Per-capability BE group permissions. Every
ModelCapability enum value is now a native TYPO3
customPermOptions entry under the nrllm namespace. BE
group editors see a checkbox per capability (chat, completion,
embeddings, vision, streaming, tools, json_mode, audio). New
CapabilityPermissionService resolves checks against the
current BE user with admin short-circuit and CLI / frontend
bypass. See ADR-023: Native Backend Capability Permissions and BE group permission checks.
Dashboard widgets. Two TYPO3 dashboard widgets sourced from
tx_nrllm_service_usage: AI cost this month
(NumberWithIconWidget) and AI requests by provider (7d)
(BarChartWidget). Loaded conditionally from
Configuration/Services.php only when
typo3/cms-dashboard
is installed. See ADR-024: Dashboard Widgets.
Per-user AI budgets. New tx_nrllm_user_budget table
with six independent ceilings (requests / tokens / cost Γ daily /
monthly). New BudgetService::check() aggregates usage on
demand from tx_nrllm_service_usage β one DB roundtrip for
both windows via conditional SUM(). Orthogonal to the
existing per-configuration daily limits: both checks must pass.

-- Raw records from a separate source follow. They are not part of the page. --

lemma nonpos_if_le_eps_mult:
  fixes x c :: real
  assumes "\<And>\<epsilon>. \<epsilon> > 0 \<Longrightarrow> x \<le> \<epsilon> * c"
  shows "x \<le> 0"
proof (rule field_le_epsilon)
  fix \<epsilon> :: real
  assume "\<epsilon> > 0"
  show "x \<le> 0 + \<epsilon>"
  proof (cases "c > 0")
    case True
    then show ?thesis
      using assms[of "\<epsilon> / c"] \<open>\<epsilon> > 0\<close> by simp
  next
    case False
    then show ?thesis
      using assms[of 1] \<open>\<epsilon> > 0\<close> by simp
  qed
qed

lemma difference_quotient_uniform_approx:
  fixes h :: "real^'n::finite \<Rightarrow> complex"
  assumes dif: "\<And>y. (\<lambda>s. h (y + s *\<^sub>R axis j 1)) differentiable (at 0)"
    and cont_pd: "continuous_on UNIV (pd j h)" and "\<epsilon> > 0"
  obtains s where "0 < s" and "s \<le> 1"
    and "\<And>x. x \<in> torus_box \<Longrightarrow> norm ((h (x + s *\<^sub>R axis j 1) - h x) /\<^sub>R s - pd j h x) \<le> \<epsilon>"
proof -
  define e :: "real^'n" where "e = axis j 1"
  define K :: "(real^'n) set" where "K = cbox 0 ((\<chi> i. 2*pi) + e)"
  have "uniformly_continuous_on K (pd j h)"
    unfolding K_def by (rule compact_uniformly_continuous[OF continuous_on_subset[OF cont_pd]]) auto
  then obtain d where "d > 0"
    and d: "\<And>x x'. x \<in> K \<Longrightarrow> x' \<in> K \<Longrightarrow> dist x' x < d \<Longrightarrow> dist (pd j h x') (pd j h x) < \<epsilon>"
    using \<open>\<epsilon> > 0\<close> unfolding uniformly_continuous_on_def by metis
  have in_K: "x + t *\<^sub>R e \<in> K" if "x \<in> torus_box" "0 \<le> t" "t \<le> 1" for x t
    using that pi_gt3 by (auto simp: K_def mem_box_cart e_def axis_def) (smt (verit))
  define s where "s = min (d/2) 1"
  have s: "0 < s" "s < d" "s \<le> 1"
    using \<open>d > 0\<close> by (auto simp: s_def)
  have "norm ((h (x + s *\<^sub>R e) - h (x + 0 *\<^sub>R e)) /\<^sub>R s - pd j h (x + 0 *\<^sub>R e)) \<le> \<epsilon>"
    if x: "x \<in> torus_box" for x
  proof (rule difference_quotient_bound)
    show "((\<lambda>t. h (x + t *\<^sub>R e)) has_vector_derivative pd j h (x + t *\<^sub>R e)) (at t)" for t
      unfolding e_def by (rule has_vector_derivative_pd_line[OF dif])
    show "norm (pd j h (x + t *\<^sub>R e) - pd j h (x + 0 *\<^sub>R e)) \<le> \<epsilon>" if "t \<in> {0..s}" for t
      using d[OF in_K[OF x, of 0] in_K[OF x, of t]] that s
      by (simp add: dist_norm e_def less_imp_le)
  qed (use s in auto)
  then show ?thesis
    using that[OF s(1,3)] by (simp add: e_def)
qed

lemma integral_pd_periodic_eq_0:
  fixes h :: "real^'n::finite \<Rightarrow> complex"
  assumes cont: "continuous_on UNIV h"
    and per: "\<And>x. h (x + (2*pi) *\<^sub>R axis j 1) = h x"
    and dif: "\<And>y. (\<lambda>s. h (y + s *\<^sub>R axis j 1)) differentiable (at 0)"
    and cont_pd: "continuous_on UNIV (pd j h)"
  shows "integral torus_box (pd j h) = 0"
proof -
  define D where "D = pd j h"
  have int_D: "D integrable_on torus_box"
    unfolding D_def by (rule integrable_continuous[OF continuous_on_subset[OF cont_pd]]) auto
  have int_shift: "(\<lambda>x. h (x + c)) integrable_on torus_box" for c
    by (rule integrable_continuous, rule continuous_on_subset[where s=UNIV])
       (auto intro!: continuous_on_compose2[OF cont] continuous_intros)
  have "norm (integral torus_box D) \<le> \<epsilon> * measure lborel (torus_box :: (real^'n) set)" if "\<epsilon> > 0" for \<epsilon>
  proof -
    obtain s where s: "0 < s" "s \<le> 1"
      and approx: "\<And>x. x \<in> torus_box \<Longrightarrow> norm ((h (x + s *\<^sub>R axis j 1) - h x) /\<^sub>R s - D x) \<le> \<epsilon>"
      using difference_quotient_uniform_approx[OF dif cont_pd \<open>\<epsilon> > 0\<close>] unfolding D_def by blast
    define Q where "Q x = (h (x + s *\<^sub>R axis j 1) - h x) /\<^sub>R s" for x
    have int_Q: "Q integrable_on torus_box"
      unfolding Q_def using int_shift[of "s *\<^sub>R axis j 1"] int_shift[of 0]
      by (auto intro!: integrable_diff integrable_cmul)
    have "integral torus_box Q = 0"
      using integral_torus_box_shift[OF cont per, of s] s pi_gt3 int_shift[of "s *\<^sub>R axis j 1"] int_shift[of 0]
      by (simp add: Q_def[abs_def] integral_diff)
    then have "norm (integral torus_box D) = norm (integral torus_box (\<lambda>x. Q x - D x))"
      by (simp add: integral_diff[OF int_Q int_D])
    also have "\<dots> \<le> integral (torus_box :: (real^'n) set) (\<lambda>x. \<epsilon>)"
      by (rule integral_norm_bound_integral[OF integrable_diff[OF int_Q int_D] integrable_const])
         (use approx in \<open>simp add: Q_def\<close>)
    finally show ?thesis
      by (simp add: mult.commute)
  qed
  then have "norm (integral torus_box D) \<le> 0"
    by (rule nonpos_if_le_eps_mult)
  then show ?thesis
    by (simp add: D_def)
qed


section \<open>Fourier coefficients of smooth functions\<close>

lemma torus_smooth_continuous_on: "torus_smooth \<psi> \<Longrightarrow> continuous_on A \<psi>"
  unfolding torus_smooth_def smooth_fun_def
  by (metis dpar_Nil continuous_on_subset subset_UNIV)

lemma torus_smooth_line_differentiable:
  "torus_smooth \<psi> \<Longrightarrow> (\<lambda>s. \<psi> (y + s *\<^sub>R axis j 1)) differentiable (at 0)"
  unfolding torus_smooth_def smooth_fun_def by (metis dpar_Nil)

lemma torus_smooth_periodic: "torus_smooth \<psi> \<Longrightarrow> \<psi> (x + (2*pi) *\<^sub>R axis j 1) = \<psi> x"
  unfolding torus_smooth_def torus_periodic_def by blast

lemma torus_periodic_pd:
  assumes "torus_periodic f"
  shows "torus_periodic (pd j f)"
  unfolding torus_periodic_def
proof (intro allI)
  fix i x
  have "f (x + (2*pi) *\<^sub>R axis i 1 + s *\<^sub>R axis j 1) = f (x + s *\<^sub>R axis j 1)" for s
    using assms unfolding torus_periodic_def by (metis add.assoc add.commute)
  then show "pd j f (x + (2*pi) *\<^sub>R axis i 1) = pd j f x"
    by (simp add: pd_def)
qed

lemma torus_periodic_dpar: "torus_periodic f \<Longrightarrow> torus_periodic (dpar js f)"
  by (induction js) (auto intro: torus_periodic_pd)

lemma torus_smooth_dpar: "torus_smooth \<psi> \<Longrightarrow> torus_smooth (dpar js \<psi>)"
  unfolding torus_smooth_def smooth_fun_def
  by (auto simp: dpar_append[symmetric] intro: torus_periodic_dpar)

lemma torus_smooth_pd: "torus_smooth \<psi> \<Longrightarrow> torus_smooth (pd j \<psi>)"
  using torus_smooth_dpar[of \<psi> "[j]"] by simp

lemma has_vector_derivative_line_mult:
  assumes "(\<lambda>s. f (x + s *\<^sub>R axis j 1)) differentiable (at 0)"
    and "(\<lambda>s. g (x + s *\<^sub>R axis j 1)) differentiable (at 0)"
  shows "((\<lambda>s. f (x + s *\<^sub>R axis j 1) * g (x + s *\<^sub>R axis j 1)) has_vector_derivative
           (f x * pd j g x + pd j f x * g x)) (at 0)"
proof -
  have "((\<lambda>s. f (x + s *\<^sub>R axis j 1)) has_vector_derivative pd j f x) (at 0)"
    and "((\<lambda>s. g (x + s *\<^sub>R axis j 1)) has_vector_derivative pd j g x) (at 0)"
    using assms unfolding pd_def by (simp_all add: vector_derivative_works[symmetric])
  from has_vector_derivative_mult[OF this] show ?thesis
    by simp
qed

lemma dist_of_pd_torus_char:
  assumes "torus_smooth \<psi>"
  shows "dist_of (pd j \<psi>) (torus_char k) = - (\<i> * of_int (k j)) * dist_of \<psi> (torus_char k)"
proof -
  define h where "h x = \<psi> x * torus_char k x" for x
  have pd_h: "pd j h x = pd j \<psi> x * torus_char k x + \<i> * of_int (k j) * (\<psi> x * torus_char k x)" for x
    using vector_derivative_at[OF has_vector_derivative_line_mult[OF
          torus_smooth_line_differentiable[OF assms] torus_char_line_differentiable, of x j k]]
    unfolding pd_def[of j h] h_def by (simp add: pd_torus_char algebra_simps)
  have cont_pd: "continuous_on A (pd j \<psi>)" for A
    by (rule torus_smooth_continuous_on[OF torus_smooth_pd[OF assms]])
  have "integral torus_box (pd j h) = 0"
  proof (rule integral_pd_periodic_eq_0)
    show "continuous_on UNIV h"
      unfolding h_def by (intro continuous_intros torus_smooth_continuous_on[OF assms])
    show "h (x + (2 * pi) *\<^sub>R axis j 1) = h x" for x
      unfolding h_def by (simp add: torus_smooth_periodic[OF assms] torus_char_periodic)
    show "(\<lambda>s. h (y + s *\<^sub>R axis j 1)) differentiable at 0" for y
      unfolding h_def
      by (rule differentiableI_vector[OF has_vector_derivative_line_mult[OF
            torus_smooth_line_differentiable[OF assms] torus_char_line_differentiable]])
    show "continuous_on UNIV (pd j h)"
      unfolding pd_h by (intro continuous_intros cont_pd torus_smooth_continuous_on[OF assms])
  qed
  moreover have "integral torus_box (pd j h) =
      dist_of (pd j \<psi>) (torus_char k) + \<i> * of_int (k j) * dist_of \<psi> (torus_char k)"
    unfolding pd_h dist_of_def
    by (subst integral_add)
       (auto intro!: integrable_continuous continuous_intros cont_pd
         torus_smooth_continuous_on[OF assms])
  ultimately show ?thesis
    by (simp add: algebra_simps eq_neg_iff_add_eq_0)
qed

lemma dist_of_dpar_torus_char:
  assumes "torus_smooth \<psi>"
  shows "dist_of (dpar js \<psi>) (torus_char k) = dpar_symbol js (- k) * dist_of \<psi> (torus_char k)"
proof (induction js)
  case Nil
  then show ?case by (simp add: dpar_symbol_def)
next
  case (Cons j js)
  then show ?case
    by (simp add: dist_of_pd_torus_char[OF torus_smooth_dpar[OF assms]] dpar_symbol_Cons)
qed

lemma norm_dist_of_torus_char_le:
  fixes f :: "real^'n::finite \<Rightarrow> complex"
  assumes "continuous_on UNIV f" and "\<And>x. x \<in> torus_box \<Longrightarrow> norm (f x) \<le> B"
  shows "norm (dist_of f (torus_char k)) \<le> (2*pi) ^ CARD('n) * B"
proof -
  have "norm (dist_of f (torus_char k)) \<le> integral (torus_box :: (real^'n) set) (\<lambda>x. B)"
    unfolding dist_of_def
    by (rule integral_norm_bound_integral)
       (auto simp: norm_mult assms(2)
         intro!: integrable_continuous continuous_intros continuous_on_subset[OF assms(1)])
  also have "\<dots> = (2*pi) ^ CARD('n) * B"
    by (simp add: content_torus_box)
  finally show ?thesis .
qed

definition rapidly_decreasing :: "(('n::finite \<Rightarrow> int) \<Rightarrow> complex) \<Rightarrow> bool" where
  "rapidly_decreasing v \<longleftrightarrow> (\<forall>m. \<exists>C. \<forall>k. norm (v k) * (1 + freq_norm k) ^ m \<le> C)"
text \<open>The coefficients of \<open>t^0\<close> and \<open>t^1\<close> cancel in \<open>g 0 + g (2t) - 2 g t\<close>.\<close>
lemma has_power_series_second_difference:
  assumes "has_power_series g R a"
  obtains h c where "has_power_series h (R / 2) c"
    "\<And>t. \<bar>t\<bar> < R / 2 \<Longrightarrow> g 0 + g (2 * t) - 2 * g t = t\<^sup>2 * h t"
proof -
  have R: "R > 0" by (rule has_power_series_radius_pos[OF assms])
  define d where "d i = (if i = 0 then g 0 else 0) + a i * 2 ^ i + (-2) * a i" for i
  have "has_power_series (\<lambda>t. g 0 + g (2 * t) + (-2) * g t) (R / 2) d"
    unfolding d_def
  proof (intro has_power_series_add has_power_series_double assms has_power_series_cmult)
    show "has_power_series (\<lambda>t. g 0) (R / 2) (\<lambda>i. if i = 0 then g 0 else 0)"
      using R by (intro has_power_series_const) simp
    show "has_power_series g (R / 2) a" by (rule has_power_series_mono[OF assms]) (use R in auto)
  qed
  moreover have "\<forall>i<2. d i = 0"
    using has_power_series_at_0[OF assms] by (auto simp: d_def less_2_cases_iff)
  ultimately obtain h where h: "has_power_series h (R / 2) (\<lambda>i. d (i + 2))"
      "\<And>t. \<bar>t\<bar> < R / 2 \<Longrightarrow> g 0 + g (2 * t) + (-2) * g t = t ^ 2 * h t"
    by (rule has_power_series_shift) auto
  show thesis by (rule that[OF h(1)]) (use h(2) in simp)
qed

section \<open>Asymptotic expansions in powers of a null sequence\<close>

text \<open>Allowing the approximating polynomial to depend on the order spares us
  from computing the coefficients of products and compositions.\<close>
definition has_poly_expansion :: "(nat \<Rightarrow> real) \<Rightarrow> (nat \<Rightarrow> real) \<Rightarrow> real \<Rightarrow> bool" where
  "has_poly_expansion x f L \<longleftrightarrow>
     (\<forall>m. \<exists>p. poly p 0 = L \<and> (\<lambda>n. f n - poly p (x n)) \<in> O(\<lambda>n. x n ^ m))"

lemma has_poly_expansionE:
  assumes "has_poly_expansion x f L"
  obtains p where "poly p 0 = L" "(\<lambda>n. f n - poly p (x n)) \<in> O(\<lambda>n. x n ^ m)"
  using assms by (auto simp: has_poly_expansion_def)

lemma has_poly_expansion_cong:
  assumes "has_poly_expansion x f L" "eventually (\<lambda>n. f n = g n) sequentially"
  shows "has_poly_expansion x g L"
proof -
  have "(\<lambda>n. g n - poly p (x n)) \<in> O(\<lambda>n. x n ^ m)"
    if "(\<lambda>n. f n - poly p (x n)) \<in> O(\<lambda>n. x n ^ m)" for p m
    using that landau_o.big.in_cong[of "\<lambda>n. f n - poly p (x n)" "\<lambda>n. g n - poly p (x n)"]
      eventually_mono[OF assms(2)] by auto
  thus ?thesis using assms(1) unfolding has_poly_expansion_def by blast
qed

lemma has_poly_expansion_const: "has_poly_expansion x (\<lambda>_. c) c"
  unfolding has_poly_expansion_def by (intro allI exI[of _ "[:c:]"]) simp

lemma has_poly_expansion_ident: "has_poly_expansion x x 0"
  unfolding has_poly_expansion_def by (intro allI exI[of _ "[:0, 1:]"]) simp

lemma has_poly_expansion_add:
  assumes "has_poly_expansion x f L1" "has_poly_expansion x g L2"
  shows "has_poly_expansion x (\<lambda>n. f n + g n) (L1 + L2)"
  unfolding has_poly_expansion_def
proof
  fix m
  obtain p where p: "poly p 0 = L1" "(\<lambda>n. f n - poly p (x n)) \<in> O(\<lambda>n. x n ^ m)"
    using assms(1) by (rule has_poly_expansionE)
  obtain q where q: "poly q 0 = L2" "(\<lambda>n. g n - poly q (x n)) \<in> O(\<lambda>n. x n ^ m)"
    using assms(2) by (rule has_poly_expansionE)
  have "(\<lambda>n. (f n - poly p (x n)) + (g n - poly q (x n))) \<in> O(\<lambda>n. x n ^ m)"
    by (rule sum_in_bigo(1)[OF p(2) q(2)])
  thus "\<exists>r. poly r 0 = L1 + L2 \<and> (\<lambda>n. f n + g n - poly r (x n)) \<in> O(\<lambda>n. x n ^ m)"
    using p(1) q(1) by (intro exI[of _ "p + q"]) (simp add: algebra_simps)
qed

lemma has_poly_expansion_cmult:
  assumes "has_poly_expansion x f L"
  shows "has_poly_expansion x (\<lambda>n. c * f n) (c * L)"
  unfolding has_poly_expansion_def
proof
  fix m
  obtain p where "poly p 0 = L" "(\<lambda>n. f n - poly p (x n)) \<in> O(\<lambda>n. x n ^ m)"
    using assms by (rule has_poly_expansionE)
  moreover from this(2) have "(\<lambda>n. c * (f n - poly p (x n))) \<in> O(\<lambda>n. x n ^ m)"
    by (cases "c = 0") simp_all
  ultimately show "\<exists>p. poly p 0 = c * L \<and> (\<lambda>n. c * f n - poly p (x n)) \<in> O(\<lambda>n. x n ^ m)"
    by (intro exI[of _ "smult c p"]) (simp add: algebra_simps)
qed

lemma has_poly_expansion_diff:
  assumes "has_poly_expansion x f L1" "has_poly_expansion x g L2"
  shows "has_poly_expansion x (\<lambda>n. f n - g n) (L1 - L2)"
  using has_poly_expansion_add[OF assms(1) has_poly_expansion_cmult[OF assms(2), of "-1"]] by simp

lemma has_poly_expansion_sum:
  assumes "\<And>j. j \<in> S \<Longrightarrow> has_poly_expansion x (F j) (L j)"
  shows "has_poly_expansion x (\<lambda>n. \<Sum>j\<in>S. F j n) (\<Sum>j\<in>S. L j)"
  using assms
  by (induction S rule: infinite_finite_induct) (auto intro: has_poly_expansion_const has_poly_expansion_add)

context
  fixes x :: "nat \<Rightarrow> real"
  assumes x_tendsto: "x \<longlonglongrightarrow> 0"
begin

lemma bigo_higher_power:
  assumes "m \<le> k"
  shows "(\<lambda>n. x n ^ k) \<in> O(\<lambda>n. x n ^ m)"
proof (rule bigoI[where c = 1])
  have "eventually (\<lambda>n. dist (x n) 0 < 1) sequentially" using x_tendsto by (rule tendstoD) simp
  thus "eventually (\<lambda>n. norm (x n ^ k) \<le> 1 * norm (x n ^ m)) sequentially"
  proof eventually_elim
    case (elim n)
    have "\<bar>x n\<bar> ^ k = \<bar>x n\<bar> ^ m * \<bar>x n\<bar> ^ (k - m)" using assms by (simp flip: power_add)
    also have "\<dots> \<le> \<bar>x n\<bar> ^ m" using elim by (intro mult_left_le power_le_one) auto
    finally show ?case by (simp add: power_abs)
  qed
qed

lemma poly_bigo_1: "(\<lambda>n. poly p (x n)) \<in> O(\<lambda>_. 1)"
  by (rule bigoI_tendsto[where c = "poly p 0"]) (use x_tendsto in \<open>auto intro!: tendsto_intros\<close>)

lemma has_poly_expansion_bigo_1:
  assumes "has_poly_expansion x f L"
  shows "f \<in> O(\<lambda>_. 1)"
proof -
  obtain p where "(\<lambda>n. f n - poly p (x n)) \<in> O(\<lambda>n. x n ^ 0)"
    using assms by (rule has_poly_expansionE)
  from sum_in_bigo(1)[OF this[simplified] poly_bigo_1[of p]] show ?thesis by simp
qed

See ADR-025: Per-User AI Budgets and Per-user AI budgets.
Changed
CI: mutation testing runs only on push, merge_group and
schedule events. PR CI gets the fuzz suite + unit / functional
/ PHPStan / rector / code style; the 15 min mutation job is
deferred because its per-PR signal is hard for authors to action
locally.
CI: .semgrepignore added to exclude Tests/,
Build/Scripts/ and vendor directories from Opengrep SAST.
Previously failing on legitimate unlink() fixture cleanup.
CI: fuzz workflow now invoked with
fuzz-testsuite: fuzzy matching the phpunit.xml suite name.
Version 0.6.0 (2026-03-24)
Added
DocumentCapableInterface: providers can now advertise
PDF/document support; ChatCapabilitiesInterface exposes
this via getProviderCapabilities().
Multimodal content arrays in chatCompletion: pass images,
PDFs, and text blocks as structured content arrays alongside
regular string messages.
Tool message conversion: tool_result blocks are now mapped
correctly when assembling provider payloads.
Changed
Migrated CI infrastructure to netresearch/typo3-ci-workflows
shared workflows (PHP tests, docs, E2E).
Replaced GrumPHP with CaptainHook for pre-commit hooks.
Fixed
PHPStan baseline regenerated; ignoreErrors patterns
broadened for deprecation and array function rules to handle
phpstan-typo3 v2/v3 parameter name differences.